Cg is intended to help ease development of applications that will leverage underutilized capabilities of Nvidia’s hardware, and while games stand to obviously benefit from Cg, that’s hardly the only application. The news immediately drew positive reactions from prominent game programmers, cinema technologists and many others in various fields that stand to benefit from the new technology.
“Cg makes it much easier for developers to create cinematic style graphics and special effects,” Jim Black of Nvidia developer marketing told MacCentral.
Nvidia’s current and future graphics technology supports vertex and pixel shaders. When utilized, such technology yields remarkably realistic lighting and shading effects in 3D games and other 3D applications, but presently, only a very small minority of programmers are using them. That’s because the barrier to entry is the way in which such technology is programmed: Using assembly code, an extremely low-level programming language that, while bringing the programmer close to the hardware, isn’t something the majority of game developers feel comfortable using on a daily basis.
“There are a finite number of people on the planet that can operate at that level of programming experience. Not only does Cg expand the base of people who can program shaders, but it offers much easier debugging for developers who already program in assembly,” said Black.
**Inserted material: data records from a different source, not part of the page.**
lemma sums_weighted_Cauchy_Schwarz:
  fixes w p :: "nat \<Rightarrow> real"
  assumes "\<And>k. 0 \<le> w k"
    and "w sums A" "(\<lambda>k. w k * p k) sums B" "(\<lambda>k. w k * (p k)\<^sup>2) sums C"
  shows "B\<^sup>2 \<le> A * C"
proof (rule LIMSEQ_le)
  show "(\<lambda>n. (\<Sum>k<n. w k * p k)\<^sup>2) \<longlonglongrightarrow> B\<^sup>2"
    using assms(3) unfolding sums_def by (intro tendsto_intros)
  show "(\<lambda>n. (\<Sum>k<n. w k) * (\<Sum>k<n. w k * (p k)\<^sup>2)) \<longlonglongrightarrow> A * C"
    using assms(2,4) unfolding sums_def by (intro tendsto_intros)
  have "(\<Sum>k<n. sqrt (w k) * (sqrt (w k) * p k))\<^sup>2
          \<le> (\<Sum>k<n. (sqrt (w k))\<^sup>2) * (\<Sum>k<n. (sqrt (w k) * p k)\<^sup>2)" for n
    by (rule Cauchy_Schwarz_ineq_sum)
  then have "(\<Sum>k<n. w k * p k)\<^sup>2 \<le> (\<Sum>k<n. w k) * (\<Sum>k<n. w k * (p k)\<^sup>2)" for n
    using assms(1) by (simp add: power_mult_distrib mult.assoc[symmetric])
  then show "\<exists>N. \<forall>n\<ge>N. (\<Sum>k<n. w k * p k)\<^sup>2 \<le> (\<Sum>k<n. w k) * (\<Sum>k<n. w k * (p k)\<^sup>2)"
    by blast
qed

lemma exp_series_term_bounded:
  fixes w p M :: "nat \<Rightarrow> real"
  assumes "\<And>k. 0 \<le> w k"
    and "\<And>k x n. \<bar>x\<bar> < c \<Longrightarrow> n \<le> 2 \<Longrightarrow> w k * \<bar>p k\<bar> ^ n * exp (x * p k) \<le> M k"
    and "\<bar>x\<bar> < c" "n \<le> 2"
  shows "norm (w k * p k ^ n * exp (x * p k)) \<le> M k"
  using assms(2)[OF assms(3,4)] assms(1)[of k] by (simp add: abs_mult power_abs)

lemma summable_exp_series:
  fixes w p M :: "nat \<Rightarrow> real"
  assumes "\<And>k. 0 \<le> w k" "summable M"
    and "\<And>k x n. \<bar>x\<bar> < c \<Longrightarrow> n \<le> 2 \<Longrightarrow> w k * \<bar>p k\<bar> ^ n * exp (x * p k) \<le> M k"
    and "\<bar>x\<bar> < c" "n \<le> 2"
  shows "summable (\<lambda>k. w k * p k ^ n * exp (x * p k))"
  using exp_series_term_bounded[OF assms(1,3,4,5)] by (rule summable_comparison_test'[OF assms(2)])

lemma has_field_derivative_exp_series:
  fixes w p M :: "nat \<Rightarrow> real"
  assumes "\<And>k. 0 \<le> w k" "summable M"
    and "\<And>k x n. \<bar>x\<bar> < c \<Longrightarrow> n \<le> 2 \<Longrightarrow> w k * \<bar>p k\<bar> ^ n * exp (x * p k) \<le> M k"
    and "\<bar>y\<bar> < c" "n \<le> 1"
  shows "((\<lambda>x. \<Sum>k. w k * p k ^ n * exp (x * p k))
           has_field_derivative (\<Sum>k. w k * p k ^ Suc n * exp (y * p k))) (at y)"
proof -
  have y: "y \<in> {-c<..<c}" using assms(4) by auto
  have deriv: "((\<lambda>x. w k * p k ^ n * exp (x * p k))
          has_field_derivative w k * p k ^ Suc n * exp (x * p k)) (at x within {-c<..<c})" for k x
    by (auto intro!: derivative_eq_intros)
  have uniform: "uniformly_convergent_on {-c<..<c} (\<lambda>N x. \<Sum>k<N. w k * p k ^ Suc n * exp (x * p k))"
    using assms(5) by (intro Weierstrass_m_test'[OF _ assms(2)] exp_series_term_bounded[OF assms(1,3)]) auto
  have summable_y: "summable (\<lambda>k. w k * p k ^ n * exp (y * p k))"
    using assms(5) by (intro summable_exp_series[OF assms(1-4)]) auto
  show ?thesis
    by (rule has_field_derivative_series'(2)[OF convex_real_interval(8) deriv uniform y summable_y])
      (use y in \<open>simp add: interior_open\<close>)
qed

lemma deriv2_inverse:
  fixes T T' T'' g :: "real \<Rightarrow> real"
  assumes "open S" "y \<in> S" "\<And>x. x \<in> S \<Longrightarrow> 0 < T x"
    and "\<And>x. x \<in> S \<Longrightarrow> (T has_field_derivative T' x) (at x)"
    and "\<And>x. x \<in> S \<Longrightarrow> (T' has_field_derivative T'' x) (at x)"
    and "\<And>x. x \<in> S \<Longrightarrow> g x = inverse (T x)"
  shows "deriv (deriv g) y = - T'' y / (T y)\<^sup>2 + 2 * (T' y)\<^sup>2 / (T y) ^ 3"
proof -
  have deriv_g: "deriv g x = - T' x / (T x)\<^sup>2" if x: "x \<in> S" for x
  proof -
    have "((\<lambda>x. inverse (T x)) has_field_derivative - (T' x * inverse (T x ^ 2))) (at x)"
      using DERIV_inverse_fun[OF assms(4)[OF x]] assms(3)[OF x] by (simp add: power2_eq_square)
    then have "(g has_field_derivative - (T' x * inverse (T x ^ 2))) (at x)"
      by (rule has_field_derivative_transform_within_open[OF _ assms(1) x]) (use assms(6) in auto)
    then show ?thesis by (simp add: DERIV_imp_deriv divide_inverse)
  qed
  have "((\<lambda>x. - T' x / (T x)\<^sup>2) has_field_derivative
      - T'' y / (T y)\<^sup>2 + 2 * (T' y)\<^sup>2 / (T y) ^ 3) (at y)"
  proof (rule DERIV_cong[OF DERIV_divide[OF DERIV_minus[OF assms(5)] DERIV_power[OF assms(4)]]])
    show "(- T'' y * (T y)\<^sup>2 - - T' y * (of_nat 2 * (T' y * T y ^ (2 - Suc 0)))) / ((T y)\<^sup>2 * (T y)\<^sup>2)
        = - T'' y / (T y)\<^sup>2 + 2 * (T' y)\<^sup>2 / (T y) ^ 3"
      using assms(3)[OF assms(2)] by (simp add: field_simps power2_eq_square power3_eq_cube)
  qed (use assms(2) assms(3)[OF assms(2)] in simp_all)
  then have "(deriv g has_field_derivative - T'' y / (T y)\<^sup>2 + 2 * (T' y)\<^sup>2 / (T y) ^ 3) (at y)"
    by (rule has_field_derivative_transform_within_open[OF _ assms(1,2)]) (simp add: deriv_g)
  then show ?thesis by (rule DERIV_imp_deriv)
qed

lemma abs_inverse_second_derivative_le:
  fixes A B C :: real
  assumes "B\<^sup>2 \<le> A * C" "0 \<le> C" "0 < A"
  shows "\<bar>- C / A\<^sup>2 + 2 * B\<^sup>2 / A ^ 3\<bar> \<le> C / A\<^sup>2"
proof -
  have "B\<^sup>2 / A ^ 3 \<le> A * C / A ^ 3"
    using assms(1,3) by (simp add: divide_right_mono)
  also have "\<dots> = C / A\<^sup>2"
    using assms(3) by (simp add: power2_eq_square power3_eq_cube)
  finally have "B\<^sup>2 / A ^ 3 \<le> C / A\<^sup>2" .
  moreover have "0 \<le> B\<^sup>2 / A ^ 3" "0 \<le> C / A\<^sup>2" using assms(2,3) by simp_all
  ultimately show ?thesis by (simp add: abs_le_iff)
qed

lemma abs_deriv2_inverse_exp_series_le:
  fixes w p M :: "nat \<Rightarrow> real" and g :: "real \<Rightarrow> real"
  assumes "\<And>k. 0 \<le> w k" "summable M"
    and "\<And>k x n. \<bar>x\<bar> < c \<Longrightarrow> n \<le> 2 \<Longrightarrow> w k * \<bar>p k\<bar> ^ n * exp (x * p k) \<le> M k"
    and "\<And>x. \<bar>x\<bar> < c \<Longrightarrow> 0 < (\<Sum>k. w k * exp (x * p k))"
    and "\<And>x. \<bar>x\<bar> < c \<Longrightarrow> g x = inverse (\<Sum>k. w k * exp (x * p k))"
    and "\<bar>y\<bar> < c"
  shows "\<bar>deriv (deriv g) y\<bar>
           \<le> (\<Sum>k. w k * (p k)\<^sup>2 * exp (y * p k)) / (\<Sum>k. w k * exp (y * p k))\<^sup>2"
proof -
  define T where "T n x = (\<Sum>k. w k * p k ^ n * exp (x * p k))" for n x
  have T0: "T 0 x = (\<Sum>k. w k * exp (x * p k))" for x by (simp add: T_def)
  have sums: "(\<lambda>k. w k * p k ^ n * exp (x * p k)) sums T n x" if "\<bar>x\<bar> < c" "n \<le> 2" for n x
    unfolding T_def using summable_exp_series[OF assms(1-3) that] by (rule summable_sums)
  have deriv: "(T n has_field_derivative T (Suc n) x) (at x)" if "\<bar>x\<bar> < c" "n \<le> 1" for n x
    unfolding T_def[abs_def] using has_field_derivative_exp_series[OF assms(1-3) that] by simp
  have deriv2_g: "deriv (deriv g) y = - T 2 y / (T 0 y)\<^sup>2 + 2 * (T 1 y)\<^sup>2 / (T 0 y) ^ 3"
  proof (rule deriv2_inverse[where S = "{-c<..<c}"])
    show "\<And>x. x \<in> {-c<..<c} \<Longrightarrow> (T 0 has_field_derivative T 1 x) (at x)"
      using deriv[of _ 0] by auto
    show "\<And>x. x \<in> {-c<..<c} \<Longrightarrow> (T 1 has_field_derivative T 2 x) (at x)"
      using deriv[of _ 1] by (auto simp: numeral_2_eq_2)
    show "x \<in> {-c<..<c} \<Longrightarrow> 0 < T 0 x" for x
      using assms(4)[of x] by (simp add: T0 abs_less_iff)
    show "x \<in> {-c<..<c} \<Longrightarrow> g x = inverse (T 0 x)" for x
      using assms(5)[of x] by (simp add: T0 abs_less_iff)
  qed (use assms(6) in auto)
  have Cauchy_Schwarz: "(T 1 y)\<^sup>2 \<le> T 0 y * T 2 y"
  proof (rule sums_weighted_Cauchy_Schwarz[where w = "\<lambda>k. w k * exp (y * p k)" and p = p])
    show "(\<lambda>k. w k * exp (y * p k)) sums T 0 y"
      using sums[OF assms(6), of 0] by simp
    show "(\<lambda>k. w k * exp (y * p k) * p k) sums T 1 y"
      using sums[OF assms(6), of 1] by (simp add: mult_ac)
    show "(\<lambda>k. w k * exp (y * p k) * (p k)\<^sup>2) sums T 2 y"
      using sums[OF assms(6), of 2] by (simp add: mult_ac)
  qed (use assms(1) in simp)
  have T2_nonneg: "0 \<le> T 2 y"
    unfolding T_def by (rule suminf_nonneg[OF sums_summable[OF sums[OF assms(6)]]]) (use assms(1) in simp_all)
  have T0_pos: "0 < T 0 y" using assms(4)[OF assms(6)] by (simp add: T0)
  have "\<bar>deriv (deriv g) y\<bar> \<le> T 2 y / (T 0 y)\<^sup>2"
    unfolding deriv2_g by (rule abs_inverse_second_derivative_le[OF Cauchy_Schwarz T2_nonneg T0_pos])
  then show ?thesis by (simp add: T_def)
qed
Black also explained that while Nvidia’s own Cg compiler is heavily optimized for their own hardware, the company is offering an open source version that can be optimized to work with other manufacturer’s graphics hardware as well. ATI, for example, produces Radeon graphics chips that sport programmable vertex and shader capabilities.
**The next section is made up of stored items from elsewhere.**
lemma bigmeet_le:
  assumes "\<And>i. i \<in> {1..k} \<Longrightarrow> f i \<in> S L n" "i \<in> {1..k}"
  shows "le L n (bigmeet L n k f) (f i)"
  using assms
proof (induction k)
  case (Suc k)
  have bm: "bigmeet L n k f \<in> S L n"
    by (rule bigmeet_in_sort) (use Suc.prems in auto)
  show ?case
  proof (cases "i = Suc k")
    case True
    then show ?thesis using bm Suc.prems by (simp add: le_meet2)
  next
    case False
    then have "i \<in> {1..k}" using Suc.prems by auto
    then show ?thesis
      using Suc bm le_trans[OF _ bm _ le_meet1[OF bm]] by auto
  qed
qed simp

lemma bigmeet_mono:
  assumes "\<And>i. i \<in> {1..k} \<Longrightarrow> f i \<in> S L n" "\<And>i. i \<in> {1..k} \<Longrightarrow> g i \<in> S L n"
    and "\<And>i. i \<in> {1..k} \<Longrightarrow> le L n (f i) (g i)"
  shows "le L n (bigmeet L n k f) (bigmeet L n k g)"
  using assms
proof (induction k)
  case (Suc k)
  have "bigmeet L n k f \<in> S L n" "bigmeet L n k g \<in> S L n"
    by (rule bigmeet_in_sort; use Suc.prems in auto)+
  then show ?case using Suc by (auto intro!: le_meet_mono)
qed (simp add: le_refl)

context
  fixes n F assumes F: "prime_filter L n F"
begin

lemma prime_filter_subset: "F \<subseteq> S L n"
  and prime_filter_up: "x \<in> F \<Longrightarrow> y \<in> S L n \<Longrightarrow> le L n x y \<Longrightarrow> y \<in> F"
  using F unfolding prime_filter_def by blast+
The Cg Toolkit itself is expected to be released for download from Nvidia’s Web site beginning today. It’ll also be available to European developers attending “The Gathering 2” conference in London today and tomorrow.
The initial release of the toolkit, a beta version, includes the compiler, a prototyping and visualization environment called Cg Browser, the Cg Standard Library, and a set of pre-written shader examples.
The toolkit is forward and backward compatible, thanks to Nvidia’s own Unified Driver Architecture (UDA). Likewise, Cg employs a Unified Compiler Architecture that makes it possible for programs to run on future or past generations of Cg-compatible graphics processing units (GPUs), optimized at run-time for the specific GPU in the system.
This means that developers who use Cg won’t have to manually optimize their code for each generation of GPU that’s released. Nvidia vice president of marketing Dan Vivoli said, “Because we do the heavy lifting with our Cg Compiler, developers can spend more time on the creative side of game development.”
So what’s the significance of this for Mac users and Mac developers?
“Cg is inherently a lingua franca,” explained Black. “The same shader you write will run on a variety of operating systems. It will also compile to different APIs, like DirectX and OpenGL.”
And while Nvidia makes it clear that it has worked closely with Microsoft in developing the new language to support features in DirectX 9.0, Black added that Nvidia and Apple are working closely together to make sure that Mac OS X will experience benefits from Cg.
“When Nvidia first shipped the GeForce2 MX, we committed to supporting the Macintosh with all future GPUs,” said Black. “This announcement extends our commitment to software as well.”